A team ships an LLM-based intent classifier. Evaluation accuracy: 94%. Two weeks into production, support volume is up 30% — not because the model is failing to classify, but because it's routing edge cases to the wrong queue with very high confidence. Nobody built a circuit breaker for "the model is wrong and doesn't know it." The 94% figure never surfaced that risk.

This failure pattern repeats across content moderation pipelines, routing systems, and entity extractors. The LLM gets a high score on the holdout set. The team ships. Something breaks quietly in production.

The issue isn't that accuracy is a bad metric. It's that accuracy answers the wrong question. Production classification has a different set of requirements, and most evaluation pipelines don't test for them.

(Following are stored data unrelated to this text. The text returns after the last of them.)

lemma norm_gaussian_quotient_le:
  fixes \<rho> u :: real
  assumes \<rho>: "\<rho> > 0" and u: "u \<le> 0" and C0: "C \<ge> 0" and L0: "L \<ge> 0"
    and C: "\<And>z. norm (\<phi> z) \<le> C * exp ((norm z + \<rho> / 2)^2 / 2)"
    and L: "\<And>w. norm w \<le> 1 \<Longrightarrow> norm (\<phi> w) \<le> L * norm w"
  shows "norm (complex_of_real (exp (- ((u - \<rho>)^2) / 2)) * \<phi> (\<i> * of_real u) / of_real u)
           \<le> (C + L * exp (\<rho> / 2)) * exp (\<rho> / 2 * u)"
    (is "?k \<le> ?K * _")
proof -
  define E where "E = exp (- ((u - \<rho>)^2) / 2)"
  have norm_k: "?k = E * (norm (\<phi> (\<i> * of_real u)) / \<bar>u\<bar>)"
    unfolding E_def by (simp add: norm_mult norm_divide)
  show ?thesis
  proof (cases "u \<le> -1")
    case True
    have "norm (\<phi> (\<i> * of_real u)) / \<bar>u\<bar> \<le> norm (\<phi> (\<i> * of_real u))"
      using True divide_left_mono[of 1 "\<bar>u\<bar>" "norm (\<phi> (\<i> * of_real u))"] by simp
    then have "?k \<le> E * norm (\<phi> (\<i> * of_real u))"
      unfolding norm_k by (rule mult_left_mono) (simp_all add: E_def)
    also have "\<dots> \<le> C * (exp ((\<bar>u\<bar> + \<rho> / 2)^2 / 2) * E)"
      using C[of "\<i> * of_real u"] by (simp add: norm_mult E_def)
    also have "\<dots> \<le> C * exp (\<rho> * u / 2)"
      unfolding E_def using C0 u \<rho> by (intro mult_left_mono exp_growth_mult_gaussian_le) auto
    also have "\<dots> \<le> ?K * exp (\<rho> / 2 * u)"
      using L0 by (simp add: algebra_simps)
    finally show ?thesis .
  next
    case False
    \<comment> \<open>At \<open>u = 0\<close> the quotient is \<open>0\<close> because \<open>x / 0 = 0\<close>.\<close>
    have "norm (\<phi> (\<i> * of_real u)) / \<bar>u\<bar> \<le> L"
    proof (cases "u = 0")
      case False
      have "norm (\<phi> (\<i> * of_real u)) \<le> L * \<bar>u\<bar>"
        using L[of "\<i> * of_real u"] \<open>\<not> u \<le> -1\<close> u by (simp add: norm_mult)
      then show ?thesis
        using False by (subst pos_divide_le_eq) auto
    qed (use L0 in simp)
    then have "?k \<le> 1 * L"
      unfolding norm_k using L0 by (intro mult_mono) (auto simp: E_def)
    also have "\<dots> = L * 1"
      by simp
    also have "\<dots> \<le> L * exp (\<rho> / 2 * (1 + u))"
      using False L0 \<rho> by (intro mult_left_mono) auto
    also have "\<dots> = L * exp (\<rho> / 2) * exp (\<rho> / 2 * u)"
      by (simp add: distrib_left exp_add)
    also have "\<dots> \<le> ?K * exp (\<rho> / 2 * u)"
      using C0 by (simp add: distrib_right)
    finally show ?thesis .
  qed
qed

The Four Constraints That Accuracy Ignores

When you use an LLM as a classifier in production, you're asking it to do something different from generating text. You need consistent input-to-label mapping, predictable latency, reliable confidence estimates, and stable behavior under distribution shift. Accuracy measures the first constraint in isolation and ignores the rest.

Calibration: A model is calibrated if its stated confidence matches its actual accuracy. If a model says it's 90% confident, it should be correct 90% of the time. Research on production LLM classifiers has found that GPT-4o-mini's errors cluster at the high-confidence end — roughly 66.7% of misclassifications happen when the model reports confidence above 80%. For automated routing systems that use confidence as a decision gate, this is catastrophic: the model fails hardest exactly where the system trusts it most.

Per-class performance: Overall accuracy hides class-level failure. On a dataset with a 95%/5% class split, a classifier that always predicts the majority class achieves 95% accuracy with 0% recall on the minority class. In practice, the minority class is usually what you care about most — rare but harmful content, low-frequency intents with high business impact, unusual entity types. Per-class F1 scores, not overall accuracy, reveal whether the model actually works for your use case.

Throughput and latency: Classification in production has SLOs that general LLM benchmarks don't measure. Intent detection in a conversational system needs to complete in under 200ms. Content moderation in a streaming pipeline needs to process thousands of items per minute. LLM inference runs orders of magnitude slower than a traditional logistic regression classifier. The relevant question isn't just "is it accurate?" but "is it accurate at this latency, at this throughput, at this cost?"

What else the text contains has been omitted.